Think it through, bet the France UK rate for quatorze Juillet will be more than the UK France rate for the same date. Just go try.

I hate to have to say it but I instinctively scent xenophobic Mail readers at play. Of course that is a conclusion I cannot draw from the known facts and I could never prove it. It is as likely to be true as the OP's and others hypotheses however.


----------



## rogerblack (May 1, 2005)

thieawin said:


> contacting the company is a bit naive! You can book any conbination of singles and returns you like if you know your dates in advance.
> 
> The computer booking system will not identify where you are connecting in from or your nationality, as such, so it clearly has to be that "British couple" and "French couple" are just shorthand for a round trip originating in UK or a round trip originating in France.
> 
> ...


Interesting points - they can usually tell from your IP address whether you are in the UK or not (same as BBC iPlayer knows when you're in furrin parts - grrr).

I was looking at comparative prices via PandO, Seafrance & Eurotunnel the other day and the Eurotunnel website actually requires you to select which country you live in before it quotes . . .

I was pleasantly surprised that on the C&CC Carefree site for the examples I looked at it actually IS cheaper than booking direct, although it's a pain in the botty that you have to fill in the ins & outs of a nanny-goat's wotsit just to get to the quoted price.

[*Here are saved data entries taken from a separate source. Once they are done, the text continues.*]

lemma multiplier_of_pullback_nonpos:
  assumes c: "c \<in> C" "c \<in> U"
    and S: "linear S" "\<And>q. S (aug_deriv (D c) q) = q" "\<And>q. norm (S q) \<le> \<beta> * norm q" "\<beta> \<ge> 0"
    and nonpos: "\<And>q. q \<in> (p -` K) \<times> UNIV \<Longrightarrow> n \<bullet> fst (S (q - aug_map (c, 0))) \<le> 0"
  shows "\<exists>\<mu>. (\<forall>y\<in>K. \<mu> \<bullet> y \<le> 0) \<and> (\<forall>d. n \<bullet> d = \<mu> \<bullet> D c d) \<and> norm \<mu> \<le> \<beta> * norm n"
proof -
  define \<phi> where "\<phi> q = n \<bullet> fst (S q)" for q
  have linear_\<phi>: "linear \<phi>"
    by (rule linearI)
      (simp_all add: \<phi>_def linear_add[OF S(1)] linear_scale[OF S(1)] inner_add_right)
  have k: "aug_map (c, 0) = (\<Xi> c, c - cb)"
    by (simp add: aug_map_def linear_0[OF linear_p] linear_0[OF linear_adjoint_D])
  have \<Xi>c: "\<Xi> c \<in> K" using c C_local by blast
  have \<phi>_snd: "\<phi> (0, e) = 0" for e
  proof -
    have "\<phi> (0, e) \<le> 0" "\<phi> (0, -e) \<le> 0"
      using nonpos[of "aug_map (c, 0) + (0, e)"] nonpos[of "aug_map (c, 0) + (0, -e)"]
        \<Xi>c K_range p_id
      by (auto simp: \<phi>_def k subset_iff)
    moreover have "\<phi> (0, -e) = - \<phi> (0, e)" using linear_neg[OF linear_\<phi>, of "(0, e)"] by simp
    ultimately show ?thesis by simp
  qed
  define \<mu> where "\<mu> = adjoint (\<lambda>y. \<phi> (y, 0)) 1"
  have "linear (\<lambda>y. \<phi> (y, 0))"
    using linear_add[OF linear_\<phi>, of "(_, 0)" "(_, 0)"] linear_scale[OF linear_\<phi>, of _ "(_, 0)"]
    by (intro linearI) simp_all
  then have \<mu>: "\<mu> \<bullet> y = \<phi> (y, 0)" for y
    using adjoint_works[of "\<lambda>y. \<phi> (y, 0)" y 1] by (simp add: \<mu>_def inner_commute)
  have "\<mu> \<bullet> y \<le> 0" if "y \<in> K" for y
  proof -
    have "\<Xi> c + y \<in> K" using \<Xi>c that convex_K cone_K convex_cone by blast
    then have "aug_map (c, 0) + (y, 0) \<in> (p -` K) \<times> UNIV" using K_range p_id by (auto simp: k)
    from nonpos[OF this] show ?thesis by (simp add: \<mu> \<phi>_def)
  qed
  moreover have "n \<bullet> d = \<mu> \<bullet> D c d" for d
  proof -
    have "aug_deriv (D c) (d, 0) = (D c d, 0) + (0, d)"
      by (simp add: aug_deriv_def linear_0[OF linear_p] linear_0[OF linear_adjoint_D])
    then have "n \<bullet> d = \<phi> ((D c d, 0) + (0, d))" using S(2)[of "(d, 0)"] by (simp add: \<phi>_def)
    also have "\<dots> = \<phi> (D c d, 0) + \<phi> (0, d)" by (rule linear_add[OF linear_\<phi>])
    finally show ?thesis by (simp add: \<phi>_snd \<mu>)
  qed
  moreover have "norm \<mu> \<le> \<beta> * norm n"
  proof -
    have "norm \<mu> * norm \<mu> = n \<bullet> fst (S (\<mu>, 0))"
      using \<mu>[of \<mu>] by (simp add: \<phi>_def power2_norm_eq_inner[symmetric] power2_eq_square)
    also have "\<dots> \<le> norm n * norm (fst (S (\<mu>, 0)))" by (rule norm_cauchy_schwarz)
    also have "\<dots> \<le> norm n * norm (S (\<mu>, 0))"
      by (intro mult_left_mono norm_fst_le[of "fst (S (\<mu>, 0))" "snd (S (\<mu>, 0))", simplified]) simp
    also have "\<dots> \<le> norm n * (\<beta> * norm \<mu>)"
      using S(3)[of "(\<mu>, 0)"] by (intro mult_left_mono) (simp_all add: norm_Pair)
    finally have "norm \<mu> * norm \<mu> \<le> (\<beta> * norm n) * norm \<mu>" by (simp add: mult_ac)
    then show ?thesis
      using S(4) by (cases "\<mu> = 0") (simp_all add: mult_le_cancel_right)
  qed
  ultimately show ?thesis by blast
qed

Oh and Me, read the Daily Mail - never! Actually I gave up reading any newspapers yonks ago, they're all full of opinions and speculation rather than facts. (Of course, that's only my hypothesis - I can't prove it as I don't read them!)
:wink:


----------



## rayc (Jun 3, 2008)

thieawin said:


> I hate to have to say it but I instinctively scent xenophobic Mail readers at play. Of course that is a conclusion I cannot draw from the known facts and I could never prove it. It is as likely to be true as the OP's and others hypotheses however.


I'm not xenophobic and I know that like me Uncle Norm loves France and most things French. I do not know if he reads the Mail but having met him several times know he is a learned Gentleman of high repute. That does not mean though that I am blind to the idiocinrecies of Brittany Ferries pricing system which roughly means increasing their prices to coincide with UK school holidays.

Stilll Vive la France and can't wait for my return there in April.


----------



## eurajohn (May 9, 2005)

Never tried the Norfolk line route since moving to France but if you check out the other operators, put in same date and as close as possible times, you will find the French - UK route will always be dearer than the UK - France option, also whenever I get an email promotion from one of the ferry operators (they assume I still live in UK I think) the special rate is never available if your journey starts in France.
We now normally used LD Line Newhaven - Dieppe it's not a bad boat and the crossing is OK very price competitive a well.


----------



## Gazzer (May 1, 2005)

I don't see what maths or the brand of paper that you read has to do with this thread?

Go on the web site and try for your self. I challenge you to find anything approaching a 22 Euro each way crossing from the UK at any time!

And rip off Britain does exist. I travelled the world for years and have also been 'around the block' a few times. A lifetimes experience has shown me that we consistently pay more for goods and services :evil:


----------